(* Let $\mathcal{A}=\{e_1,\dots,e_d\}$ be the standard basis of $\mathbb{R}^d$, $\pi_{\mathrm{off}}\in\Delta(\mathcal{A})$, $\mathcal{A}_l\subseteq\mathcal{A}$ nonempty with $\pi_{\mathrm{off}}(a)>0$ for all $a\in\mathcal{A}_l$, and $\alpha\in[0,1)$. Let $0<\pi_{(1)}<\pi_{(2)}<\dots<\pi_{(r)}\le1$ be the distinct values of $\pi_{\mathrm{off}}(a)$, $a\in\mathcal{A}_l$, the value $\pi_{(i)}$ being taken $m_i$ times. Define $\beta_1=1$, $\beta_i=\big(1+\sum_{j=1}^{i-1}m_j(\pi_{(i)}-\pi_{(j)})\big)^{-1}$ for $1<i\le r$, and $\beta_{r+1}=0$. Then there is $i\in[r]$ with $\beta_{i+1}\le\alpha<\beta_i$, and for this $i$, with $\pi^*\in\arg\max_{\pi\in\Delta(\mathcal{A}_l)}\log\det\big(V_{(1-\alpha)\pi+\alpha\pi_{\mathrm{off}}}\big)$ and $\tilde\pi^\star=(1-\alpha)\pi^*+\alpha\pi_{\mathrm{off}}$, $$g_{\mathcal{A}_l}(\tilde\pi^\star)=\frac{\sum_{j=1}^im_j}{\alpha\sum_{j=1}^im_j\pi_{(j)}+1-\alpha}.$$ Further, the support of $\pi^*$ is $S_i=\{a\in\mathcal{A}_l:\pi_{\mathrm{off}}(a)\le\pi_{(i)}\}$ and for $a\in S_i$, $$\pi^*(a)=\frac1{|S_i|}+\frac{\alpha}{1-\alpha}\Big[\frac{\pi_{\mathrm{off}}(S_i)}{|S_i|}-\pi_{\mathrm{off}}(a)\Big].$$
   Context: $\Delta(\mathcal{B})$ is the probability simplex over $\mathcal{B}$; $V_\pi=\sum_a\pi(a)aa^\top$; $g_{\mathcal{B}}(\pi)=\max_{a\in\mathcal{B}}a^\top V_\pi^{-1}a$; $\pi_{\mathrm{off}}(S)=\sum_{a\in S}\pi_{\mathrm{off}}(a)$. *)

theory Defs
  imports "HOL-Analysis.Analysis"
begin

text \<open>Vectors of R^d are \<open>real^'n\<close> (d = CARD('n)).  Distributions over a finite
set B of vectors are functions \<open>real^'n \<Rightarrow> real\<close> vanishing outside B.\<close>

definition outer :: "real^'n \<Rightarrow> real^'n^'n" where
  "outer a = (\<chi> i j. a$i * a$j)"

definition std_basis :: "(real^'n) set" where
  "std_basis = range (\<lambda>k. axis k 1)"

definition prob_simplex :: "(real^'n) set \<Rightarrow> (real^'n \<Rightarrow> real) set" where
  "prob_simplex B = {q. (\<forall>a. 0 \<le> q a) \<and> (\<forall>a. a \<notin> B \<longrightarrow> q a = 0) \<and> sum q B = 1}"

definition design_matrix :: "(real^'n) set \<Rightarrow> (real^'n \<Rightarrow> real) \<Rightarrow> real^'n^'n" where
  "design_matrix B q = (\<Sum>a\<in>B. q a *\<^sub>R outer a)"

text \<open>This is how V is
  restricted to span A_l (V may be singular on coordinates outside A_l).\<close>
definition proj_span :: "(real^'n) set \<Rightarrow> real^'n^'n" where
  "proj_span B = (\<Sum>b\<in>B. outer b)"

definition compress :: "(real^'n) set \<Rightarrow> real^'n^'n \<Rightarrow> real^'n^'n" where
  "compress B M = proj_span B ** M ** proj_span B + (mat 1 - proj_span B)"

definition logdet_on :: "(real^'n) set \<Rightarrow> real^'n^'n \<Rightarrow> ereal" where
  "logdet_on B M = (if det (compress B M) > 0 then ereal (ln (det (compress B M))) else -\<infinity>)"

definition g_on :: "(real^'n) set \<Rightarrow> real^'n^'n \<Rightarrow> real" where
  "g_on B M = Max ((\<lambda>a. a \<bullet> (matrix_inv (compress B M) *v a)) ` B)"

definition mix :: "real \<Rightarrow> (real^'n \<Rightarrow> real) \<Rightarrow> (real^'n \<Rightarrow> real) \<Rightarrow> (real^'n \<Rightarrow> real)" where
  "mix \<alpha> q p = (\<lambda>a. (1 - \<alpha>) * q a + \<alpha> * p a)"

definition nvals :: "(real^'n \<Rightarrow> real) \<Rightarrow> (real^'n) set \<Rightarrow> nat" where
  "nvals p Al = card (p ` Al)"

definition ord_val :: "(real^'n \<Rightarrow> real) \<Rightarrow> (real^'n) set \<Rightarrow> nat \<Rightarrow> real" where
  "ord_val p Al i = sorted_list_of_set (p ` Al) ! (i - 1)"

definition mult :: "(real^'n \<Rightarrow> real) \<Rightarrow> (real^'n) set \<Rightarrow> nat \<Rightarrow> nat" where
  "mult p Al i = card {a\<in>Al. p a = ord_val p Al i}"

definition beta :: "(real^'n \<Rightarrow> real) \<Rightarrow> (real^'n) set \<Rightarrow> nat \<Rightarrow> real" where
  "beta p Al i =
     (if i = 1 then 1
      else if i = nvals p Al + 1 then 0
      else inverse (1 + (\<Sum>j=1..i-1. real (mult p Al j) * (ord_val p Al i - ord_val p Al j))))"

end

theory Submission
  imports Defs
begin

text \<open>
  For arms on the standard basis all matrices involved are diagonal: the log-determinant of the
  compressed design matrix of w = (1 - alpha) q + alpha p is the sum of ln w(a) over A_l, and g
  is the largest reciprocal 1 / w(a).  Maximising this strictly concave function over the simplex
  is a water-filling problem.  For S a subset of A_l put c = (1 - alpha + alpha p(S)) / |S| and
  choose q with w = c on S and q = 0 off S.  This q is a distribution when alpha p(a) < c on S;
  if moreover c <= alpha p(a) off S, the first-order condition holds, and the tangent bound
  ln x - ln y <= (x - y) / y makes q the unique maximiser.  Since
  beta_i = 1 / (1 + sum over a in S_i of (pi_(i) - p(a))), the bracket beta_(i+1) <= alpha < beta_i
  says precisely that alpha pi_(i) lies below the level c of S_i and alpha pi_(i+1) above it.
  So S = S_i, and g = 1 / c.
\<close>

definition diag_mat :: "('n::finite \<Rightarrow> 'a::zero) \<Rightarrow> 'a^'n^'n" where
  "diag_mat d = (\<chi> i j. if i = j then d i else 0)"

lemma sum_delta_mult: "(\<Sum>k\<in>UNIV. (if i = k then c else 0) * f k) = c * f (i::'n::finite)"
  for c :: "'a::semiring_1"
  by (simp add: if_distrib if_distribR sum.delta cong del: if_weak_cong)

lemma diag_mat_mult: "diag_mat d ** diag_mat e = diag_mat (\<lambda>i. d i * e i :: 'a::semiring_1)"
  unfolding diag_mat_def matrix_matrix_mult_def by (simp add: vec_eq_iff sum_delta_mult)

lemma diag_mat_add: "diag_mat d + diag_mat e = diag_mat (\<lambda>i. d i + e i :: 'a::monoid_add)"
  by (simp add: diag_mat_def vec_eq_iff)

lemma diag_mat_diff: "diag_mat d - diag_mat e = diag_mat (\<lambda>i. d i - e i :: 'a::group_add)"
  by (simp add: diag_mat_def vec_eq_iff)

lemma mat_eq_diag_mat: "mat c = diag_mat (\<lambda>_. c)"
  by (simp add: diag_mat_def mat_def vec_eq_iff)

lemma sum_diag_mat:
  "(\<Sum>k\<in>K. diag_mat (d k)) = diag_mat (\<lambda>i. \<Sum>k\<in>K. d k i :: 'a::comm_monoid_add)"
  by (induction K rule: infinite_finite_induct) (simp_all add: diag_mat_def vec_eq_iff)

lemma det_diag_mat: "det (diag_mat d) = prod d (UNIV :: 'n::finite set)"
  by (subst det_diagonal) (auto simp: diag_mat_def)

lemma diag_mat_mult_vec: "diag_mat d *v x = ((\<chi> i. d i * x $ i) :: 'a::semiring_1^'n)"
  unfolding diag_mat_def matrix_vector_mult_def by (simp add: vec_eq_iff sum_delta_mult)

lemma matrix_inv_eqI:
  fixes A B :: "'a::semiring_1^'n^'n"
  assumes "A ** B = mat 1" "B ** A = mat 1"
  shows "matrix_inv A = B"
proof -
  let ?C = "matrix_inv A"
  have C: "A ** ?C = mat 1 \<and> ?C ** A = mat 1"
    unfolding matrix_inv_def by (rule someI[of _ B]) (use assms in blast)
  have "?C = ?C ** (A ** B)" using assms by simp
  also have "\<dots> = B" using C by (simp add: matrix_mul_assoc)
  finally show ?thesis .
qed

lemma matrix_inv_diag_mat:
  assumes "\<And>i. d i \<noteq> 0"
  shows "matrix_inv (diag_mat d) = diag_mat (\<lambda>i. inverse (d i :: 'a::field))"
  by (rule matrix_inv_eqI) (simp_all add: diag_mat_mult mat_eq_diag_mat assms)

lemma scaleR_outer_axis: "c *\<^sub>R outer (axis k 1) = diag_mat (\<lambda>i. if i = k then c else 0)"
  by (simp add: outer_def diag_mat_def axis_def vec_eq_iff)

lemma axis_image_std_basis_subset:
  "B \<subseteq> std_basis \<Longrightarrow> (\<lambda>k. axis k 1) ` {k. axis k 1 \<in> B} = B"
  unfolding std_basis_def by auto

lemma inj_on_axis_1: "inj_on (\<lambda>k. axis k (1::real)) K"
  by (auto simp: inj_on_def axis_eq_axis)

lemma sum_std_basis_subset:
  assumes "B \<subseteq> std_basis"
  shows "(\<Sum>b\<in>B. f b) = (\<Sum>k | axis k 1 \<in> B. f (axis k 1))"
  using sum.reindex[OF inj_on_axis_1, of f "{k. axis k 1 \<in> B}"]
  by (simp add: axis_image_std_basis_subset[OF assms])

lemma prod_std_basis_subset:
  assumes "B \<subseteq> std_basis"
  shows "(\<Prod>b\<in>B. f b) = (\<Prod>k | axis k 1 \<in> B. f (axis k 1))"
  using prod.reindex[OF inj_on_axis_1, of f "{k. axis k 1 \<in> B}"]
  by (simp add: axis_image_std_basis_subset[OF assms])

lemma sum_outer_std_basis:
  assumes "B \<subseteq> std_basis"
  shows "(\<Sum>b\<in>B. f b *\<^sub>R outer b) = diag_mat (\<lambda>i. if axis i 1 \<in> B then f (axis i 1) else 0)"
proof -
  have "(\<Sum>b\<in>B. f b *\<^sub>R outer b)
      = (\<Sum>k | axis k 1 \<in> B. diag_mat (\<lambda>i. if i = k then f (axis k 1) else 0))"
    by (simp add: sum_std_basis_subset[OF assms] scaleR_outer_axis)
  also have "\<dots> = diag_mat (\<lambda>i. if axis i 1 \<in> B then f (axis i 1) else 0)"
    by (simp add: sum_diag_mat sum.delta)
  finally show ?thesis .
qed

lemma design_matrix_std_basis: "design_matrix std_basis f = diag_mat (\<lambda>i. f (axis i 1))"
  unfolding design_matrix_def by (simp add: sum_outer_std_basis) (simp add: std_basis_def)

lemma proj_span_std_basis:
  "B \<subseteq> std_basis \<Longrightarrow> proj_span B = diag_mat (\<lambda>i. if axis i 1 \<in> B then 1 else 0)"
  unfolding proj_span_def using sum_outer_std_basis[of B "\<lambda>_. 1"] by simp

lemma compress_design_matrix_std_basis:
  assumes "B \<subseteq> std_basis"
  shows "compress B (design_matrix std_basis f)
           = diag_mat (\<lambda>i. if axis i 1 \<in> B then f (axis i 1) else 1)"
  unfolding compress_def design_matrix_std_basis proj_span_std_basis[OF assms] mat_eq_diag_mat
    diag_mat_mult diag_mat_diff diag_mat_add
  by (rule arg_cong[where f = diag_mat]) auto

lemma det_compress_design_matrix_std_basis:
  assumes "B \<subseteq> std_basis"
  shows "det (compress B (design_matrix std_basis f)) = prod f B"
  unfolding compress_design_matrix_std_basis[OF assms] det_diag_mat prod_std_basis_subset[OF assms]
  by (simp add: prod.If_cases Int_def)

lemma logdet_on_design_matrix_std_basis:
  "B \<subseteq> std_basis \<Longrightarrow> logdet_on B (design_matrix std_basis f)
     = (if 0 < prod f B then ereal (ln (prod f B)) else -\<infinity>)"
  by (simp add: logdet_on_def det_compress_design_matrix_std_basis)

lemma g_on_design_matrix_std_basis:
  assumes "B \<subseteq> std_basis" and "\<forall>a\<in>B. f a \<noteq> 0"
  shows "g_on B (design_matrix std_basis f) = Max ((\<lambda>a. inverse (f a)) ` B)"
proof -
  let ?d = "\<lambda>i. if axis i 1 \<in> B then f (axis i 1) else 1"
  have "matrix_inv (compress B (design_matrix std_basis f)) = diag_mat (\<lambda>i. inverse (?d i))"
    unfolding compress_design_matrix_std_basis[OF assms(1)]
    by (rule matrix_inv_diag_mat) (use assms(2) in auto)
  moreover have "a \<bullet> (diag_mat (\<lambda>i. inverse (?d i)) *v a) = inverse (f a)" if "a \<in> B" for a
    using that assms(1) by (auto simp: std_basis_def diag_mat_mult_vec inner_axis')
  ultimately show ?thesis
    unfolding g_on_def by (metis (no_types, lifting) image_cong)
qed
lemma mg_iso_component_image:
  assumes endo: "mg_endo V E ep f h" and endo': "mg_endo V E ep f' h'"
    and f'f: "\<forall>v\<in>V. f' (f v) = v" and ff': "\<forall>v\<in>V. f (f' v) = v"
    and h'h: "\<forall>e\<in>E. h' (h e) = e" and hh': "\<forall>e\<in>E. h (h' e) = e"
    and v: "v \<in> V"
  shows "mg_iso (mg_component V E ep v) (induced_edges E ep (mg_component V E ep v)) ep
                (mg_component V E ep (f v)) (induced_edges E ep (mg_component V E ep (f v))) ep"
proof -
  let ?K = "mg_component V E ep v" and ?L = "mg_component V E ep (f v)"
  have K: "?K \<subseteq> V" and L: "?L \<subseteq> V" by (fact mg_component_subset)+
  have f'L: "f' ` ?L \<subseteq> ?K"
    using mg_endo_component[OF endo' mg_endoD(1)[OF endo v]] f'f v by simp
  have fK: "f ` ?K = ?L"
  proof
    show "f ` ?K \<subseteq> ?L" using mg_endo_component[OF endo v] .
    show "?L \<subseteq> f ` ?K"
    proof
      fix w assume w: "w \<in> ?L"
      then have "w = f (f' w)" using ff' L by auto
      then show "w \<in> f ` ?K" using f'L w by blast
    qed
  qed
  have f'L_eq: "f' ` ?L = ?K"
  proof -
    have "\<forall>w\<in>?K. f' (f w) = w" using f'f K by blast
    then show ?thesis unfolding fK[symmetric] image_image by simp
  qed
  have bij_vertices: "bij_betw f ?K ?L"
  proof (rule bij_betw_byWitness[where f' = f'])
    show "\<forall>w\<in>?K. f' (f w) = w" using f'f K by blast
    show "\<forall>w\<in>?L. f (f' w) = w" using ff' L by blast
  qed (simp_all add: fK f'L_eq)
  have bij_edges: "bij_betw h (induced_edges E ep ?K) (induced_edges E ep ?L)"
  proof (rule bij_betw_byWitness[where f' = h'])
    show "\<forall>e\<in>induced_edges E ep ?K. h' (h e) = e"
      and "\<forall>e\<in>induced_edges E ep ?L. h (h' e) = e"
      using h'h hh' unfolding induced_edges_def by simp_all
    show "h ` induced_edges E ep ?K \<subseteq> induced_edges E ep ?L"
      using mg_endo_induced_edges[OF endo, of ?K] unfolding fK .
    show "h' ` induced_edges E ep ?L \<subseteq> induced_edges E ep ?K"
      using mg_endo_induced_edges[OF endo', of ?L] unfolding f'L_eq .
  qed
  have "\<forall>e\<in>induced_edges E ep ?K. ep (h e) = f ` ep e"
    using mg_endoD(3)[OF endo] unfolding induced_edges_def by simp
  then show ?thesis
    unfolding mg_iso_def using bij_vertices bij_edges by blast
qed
================
Using the records above, pull out each line where the word "blast" occurs.

    unfolding matrix_inv_def by (rule someI[of _ B]) (use assms in blast)
      then show "w \<in> f ` ?K" using f'L w by blast
    have "\<forall>w\<in>?K. f' (f w) = w" using f'f K by blast
    show "\<forall>w\<in>?K. f' (f w) = w" using f'f K by blast
    show "\<forall>w\<in>?L. f (f' w) = w" using ff' L by blast
    unfolding mg_iso_def using bij_vertices bij_edges by blast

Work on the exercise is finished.